ACTIVITY
What you produce should be every line from the data that includes "keys".

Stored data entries
──────────────────────────────
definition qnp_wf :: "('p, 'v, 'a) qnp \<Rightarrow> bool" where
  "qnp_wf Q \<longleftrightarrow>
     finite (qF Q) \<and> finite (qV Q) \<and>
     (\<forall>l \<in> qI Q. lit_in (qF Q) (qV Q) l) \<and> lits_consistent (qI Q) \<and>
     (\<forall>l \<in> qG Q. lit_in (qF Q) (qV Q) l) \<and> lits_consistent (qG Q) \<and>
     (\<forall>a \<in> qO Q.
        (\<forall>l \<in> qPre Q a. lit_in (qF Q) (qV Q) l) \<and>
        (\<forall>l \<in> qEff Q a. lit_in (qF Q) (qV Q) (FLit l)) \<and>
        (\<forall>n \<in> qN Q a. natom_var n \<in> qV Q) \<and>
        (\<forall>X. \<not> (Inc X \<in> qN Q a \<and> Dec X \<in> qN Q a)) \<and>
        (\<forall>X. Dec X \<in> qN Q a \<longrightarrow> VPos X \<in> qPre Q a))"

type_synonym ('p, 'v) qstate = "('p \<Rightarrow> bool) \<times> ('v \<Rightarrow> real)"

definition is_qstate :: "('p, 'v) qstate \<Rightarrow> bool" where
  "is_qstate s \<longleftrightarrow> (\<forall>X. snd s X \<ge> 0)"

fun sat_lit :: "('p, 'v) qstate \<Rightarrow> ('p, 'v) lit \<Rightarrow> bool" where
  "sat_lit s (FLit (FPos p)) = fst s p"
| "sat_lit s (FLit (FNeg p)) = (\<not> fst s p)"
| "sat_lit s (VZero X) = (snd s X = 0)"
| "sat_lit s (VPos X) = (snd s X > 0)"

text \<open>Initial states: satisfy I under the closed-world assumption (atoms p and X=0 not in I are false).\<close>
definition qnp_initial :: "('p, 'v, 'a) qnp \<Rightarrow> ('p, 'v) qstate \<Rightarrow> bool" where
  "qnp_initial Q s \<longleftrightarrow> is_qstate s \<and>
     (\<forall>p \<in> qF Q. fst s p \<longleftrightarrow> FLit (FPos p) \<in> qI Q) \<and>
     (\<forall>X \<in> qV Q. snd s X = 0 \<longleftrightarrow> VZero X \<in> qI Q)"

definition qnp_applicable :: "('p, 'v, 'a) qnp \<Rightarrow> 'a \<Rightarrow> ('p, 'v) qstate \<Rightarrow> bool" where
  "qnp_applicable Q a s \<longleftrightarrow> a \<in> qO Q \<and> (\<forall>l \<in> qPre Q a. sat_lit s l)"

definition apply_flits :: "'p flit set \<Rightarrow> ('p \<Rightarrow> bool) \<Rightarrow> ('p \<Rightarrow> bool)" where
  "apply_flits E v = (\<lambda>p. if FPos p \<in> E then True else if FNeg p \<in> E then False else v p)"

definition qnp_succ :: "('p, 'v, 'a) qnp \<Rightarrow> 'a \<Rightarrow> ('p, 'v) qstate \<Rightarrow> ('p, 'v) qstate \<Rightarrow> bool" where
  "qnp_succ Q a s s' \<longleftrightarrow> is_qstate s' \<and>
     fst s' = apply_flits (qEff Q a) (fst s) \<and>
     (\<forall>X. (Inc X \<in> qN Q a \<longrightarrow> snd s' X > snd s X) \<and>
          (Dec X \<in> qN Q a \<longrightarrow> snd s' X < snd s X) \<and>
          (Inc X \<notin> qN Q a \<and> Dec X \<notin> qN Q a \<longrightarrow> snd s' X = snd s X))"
──────────────────────────────
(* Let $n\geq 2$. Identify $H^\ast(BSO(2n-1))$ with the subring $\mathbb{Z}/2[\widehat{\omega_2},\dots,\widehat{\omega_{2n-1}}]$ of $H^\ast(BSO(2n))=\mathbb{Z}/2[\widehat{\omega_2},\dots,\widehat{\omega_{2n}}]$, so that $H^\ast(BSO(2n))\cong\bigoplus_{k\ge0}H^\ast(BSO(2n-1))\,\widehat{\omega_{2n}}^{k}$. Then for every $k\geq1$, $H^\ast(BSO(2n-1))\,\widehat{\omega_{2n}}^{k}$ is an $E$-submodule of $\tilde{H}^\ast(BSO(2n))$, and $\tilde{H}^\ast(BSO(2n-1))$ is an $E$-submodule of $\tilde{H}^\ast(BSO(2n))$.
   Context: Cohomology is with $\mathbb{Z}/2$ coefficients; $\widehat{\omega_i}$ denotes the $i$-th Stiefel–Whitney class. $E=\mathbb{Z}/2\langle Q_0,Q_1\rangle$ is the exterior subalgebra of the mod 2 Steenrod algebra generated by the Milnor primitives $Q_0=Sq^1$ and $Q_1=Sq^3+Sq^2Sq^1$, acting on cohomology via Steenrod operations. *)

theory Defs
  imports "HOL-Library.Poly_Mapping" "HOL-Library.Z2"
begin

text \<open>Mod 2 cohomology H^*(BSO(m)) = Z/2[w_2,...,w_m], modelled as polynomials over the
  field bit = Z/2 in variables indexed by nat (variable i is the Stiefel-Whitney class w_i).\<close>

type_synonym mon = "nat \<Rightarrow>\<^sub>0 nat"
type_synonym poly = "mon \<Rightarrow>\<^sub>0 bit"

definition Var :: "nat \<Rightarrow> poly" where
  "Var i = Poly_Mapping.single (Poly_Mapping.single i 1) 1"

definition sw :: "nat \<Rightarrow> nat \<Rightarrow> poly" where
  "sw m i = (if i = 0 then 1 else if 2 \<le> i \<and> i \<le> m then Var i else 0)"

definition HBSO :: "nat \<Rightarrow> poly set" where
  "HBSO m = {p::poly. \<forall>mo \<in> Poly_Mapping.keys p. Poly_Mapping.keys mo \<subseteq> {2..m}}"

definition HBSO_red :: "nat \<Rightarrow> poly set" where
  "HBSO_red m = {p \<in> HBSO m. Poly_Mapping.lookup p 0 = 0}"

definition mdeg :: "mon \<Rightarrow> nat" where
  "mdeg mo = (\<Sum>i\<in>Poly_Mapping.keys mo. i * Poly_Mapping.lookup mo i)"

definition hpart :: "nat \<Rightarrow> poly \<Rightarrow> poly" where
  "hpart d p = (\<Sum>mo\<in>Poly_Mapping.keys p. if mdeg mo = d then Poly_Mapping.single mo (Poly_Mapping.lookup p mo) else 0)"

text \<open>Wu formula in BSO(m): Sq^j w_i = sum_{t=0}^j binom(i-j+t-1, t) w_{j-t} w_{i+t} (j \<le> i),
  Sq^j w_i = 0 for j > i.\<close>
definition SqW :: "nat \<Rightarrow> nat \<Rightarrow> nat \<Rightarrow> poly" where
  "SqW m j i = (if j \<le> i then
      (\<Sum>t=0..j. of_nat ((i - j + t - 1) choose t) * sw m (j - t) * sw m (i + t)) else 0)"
──────────────────────────────
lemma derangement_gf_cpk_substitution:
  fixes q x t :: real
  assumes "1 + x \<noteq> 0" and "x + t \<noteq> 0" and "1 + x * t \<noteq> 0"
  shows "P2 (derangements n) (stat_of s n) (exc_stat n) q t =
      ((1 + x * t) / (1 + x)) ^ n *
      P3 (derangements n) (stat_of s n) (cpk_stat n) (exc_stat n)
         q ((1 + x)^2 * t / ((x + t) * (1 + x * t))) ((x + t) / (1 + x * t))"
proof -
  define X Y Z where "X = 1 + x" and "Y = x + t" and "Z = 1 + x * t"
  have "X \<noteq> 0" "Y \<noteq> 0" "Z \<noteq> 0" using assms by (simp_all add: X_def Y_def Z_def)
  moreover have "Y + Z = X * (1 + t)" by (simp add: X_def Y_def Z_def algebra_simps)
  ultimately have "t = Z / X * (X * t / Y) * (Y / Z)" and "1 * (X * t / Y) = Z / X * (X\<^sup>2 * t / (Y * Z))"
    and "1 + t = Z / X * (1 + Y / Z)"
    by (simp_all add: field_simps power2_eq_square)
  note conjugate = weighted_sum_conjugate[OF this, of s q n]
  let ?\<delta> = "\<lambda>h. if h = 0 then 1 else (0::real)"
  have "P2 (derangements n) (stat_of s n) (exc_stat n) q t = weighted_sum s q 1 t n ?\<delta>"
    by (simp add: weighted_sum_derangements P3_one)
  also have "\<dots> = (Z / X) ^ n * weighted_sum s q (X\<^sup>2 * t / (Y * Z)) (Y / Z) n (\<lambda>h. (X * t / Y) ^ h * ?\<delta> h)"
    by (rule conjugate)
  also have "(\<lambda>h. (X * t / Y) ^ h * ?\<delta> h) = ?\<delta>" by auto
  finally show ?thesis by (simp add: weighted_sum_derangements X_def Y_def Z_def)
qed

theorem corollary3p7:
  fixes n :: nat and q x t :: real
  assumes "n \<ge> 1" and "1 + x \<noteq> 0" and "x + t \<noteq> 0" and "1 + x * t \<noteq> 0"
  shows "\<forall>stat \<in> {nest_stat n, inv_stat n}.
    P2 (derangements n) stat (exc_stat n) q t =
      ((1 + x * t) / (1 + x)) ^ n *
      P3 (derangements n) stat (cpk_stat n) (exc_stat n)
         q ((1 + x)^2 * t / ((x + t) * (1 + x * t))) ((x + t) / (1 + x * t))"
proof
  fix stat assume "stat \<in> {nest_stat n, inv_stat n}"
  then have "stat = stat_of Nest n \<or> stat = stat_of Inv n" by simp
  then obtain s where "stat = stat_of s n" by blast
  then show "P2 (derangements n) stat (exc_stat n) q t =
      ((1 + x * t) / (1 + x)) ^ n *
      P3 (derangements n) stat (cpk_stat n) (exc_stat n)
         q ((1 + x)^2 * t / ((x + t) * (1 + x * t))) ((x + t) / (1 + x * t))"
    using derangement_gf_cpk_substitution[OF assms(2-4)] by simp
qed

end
──────────────────────────────
RESULT OF THE EXERCISE
  "HBSO m = {p::poly. \<forall>mo \<in> Poly_Mapping.keys p. Poly_Mapping.keys mo \<subseteq> {2..m}}"
  "mdeg mo = (\<Sum>i\<in>Poly_Mapping.keys mo. i * Poly_Mapping.lookup mo i)"
  "hpart d p = (\<Sum>mo\<in>Poly_Mapping.keys p. if mdeg mo = d then Poly_Mapping.single mo (Poly_Mapping.lookup p mo) else 0)"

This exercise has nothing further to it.